Supplied records ->
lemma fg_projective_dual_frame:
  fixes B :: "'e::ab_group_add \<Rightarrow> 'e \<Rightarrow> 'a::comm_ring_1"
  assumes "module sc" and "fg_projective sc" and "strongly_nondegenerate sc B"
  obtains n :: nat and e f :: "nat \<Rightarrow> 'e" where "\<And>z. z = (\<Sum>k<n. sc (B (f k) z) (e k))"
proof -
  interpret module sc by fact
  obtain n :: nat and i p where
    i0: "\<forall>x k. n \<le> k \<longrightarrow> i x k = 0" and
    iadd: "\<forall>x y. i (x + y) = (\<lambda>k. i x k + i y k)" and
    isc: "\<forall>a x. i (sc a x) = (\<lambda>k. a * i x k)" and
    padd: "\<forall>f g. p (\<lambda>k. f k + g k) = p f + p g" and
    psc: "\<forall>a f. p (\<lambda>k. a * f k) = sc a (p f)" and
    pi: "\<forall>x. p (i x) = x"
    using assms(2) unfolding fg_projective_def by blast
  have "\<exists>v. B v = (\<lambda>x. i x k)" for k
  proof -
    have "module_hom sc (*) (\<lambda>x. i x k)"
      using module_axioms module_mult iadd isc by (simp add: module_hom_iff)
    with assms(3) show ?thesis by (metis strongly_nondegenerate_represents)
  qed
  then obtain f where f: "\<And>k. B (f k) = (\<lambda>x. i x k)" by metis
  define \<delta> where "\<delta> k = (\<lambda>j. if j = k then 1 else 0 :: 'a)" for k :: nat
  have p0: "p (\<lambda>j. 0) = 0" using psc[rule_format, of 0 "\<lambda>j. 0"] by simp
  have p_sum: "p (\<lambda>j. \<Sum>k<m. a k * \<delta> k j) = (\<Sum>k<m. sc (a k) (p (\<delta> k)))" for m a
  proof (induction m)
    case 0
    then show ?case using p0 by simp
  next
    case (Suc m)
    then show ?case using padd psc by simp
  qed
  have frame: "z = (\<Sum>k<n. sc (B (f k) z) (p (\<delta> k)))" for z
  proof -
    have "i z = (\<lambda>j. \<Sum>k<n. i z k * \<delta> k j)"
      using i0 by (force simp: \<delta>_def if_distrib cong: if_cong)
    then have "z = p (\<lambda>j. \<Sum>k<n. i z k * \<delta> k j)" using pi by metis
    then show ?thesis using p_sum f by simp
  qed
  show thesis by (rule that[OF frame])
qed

What you should do -> The lines holding the string "then" in the listing above are what you should copy out.

Exercise answer ->
  then obtain f where f: "\<And>k. B (f k) = (\<lambda>x. i x k)" by metis
  define \<delta> where "\<delta> k = (\<lambda>j. if j = k then 1 else 0 :: 'a)" for k :: nat
    then show ?case using p0 by simp
    then show ?case using padd psc by simp
    then have "z = p (\<lambda>j. \<Sum>k<n. i z k * \<delta> k j)" using pi by metis
    then show ?thesis using p_sum f by simp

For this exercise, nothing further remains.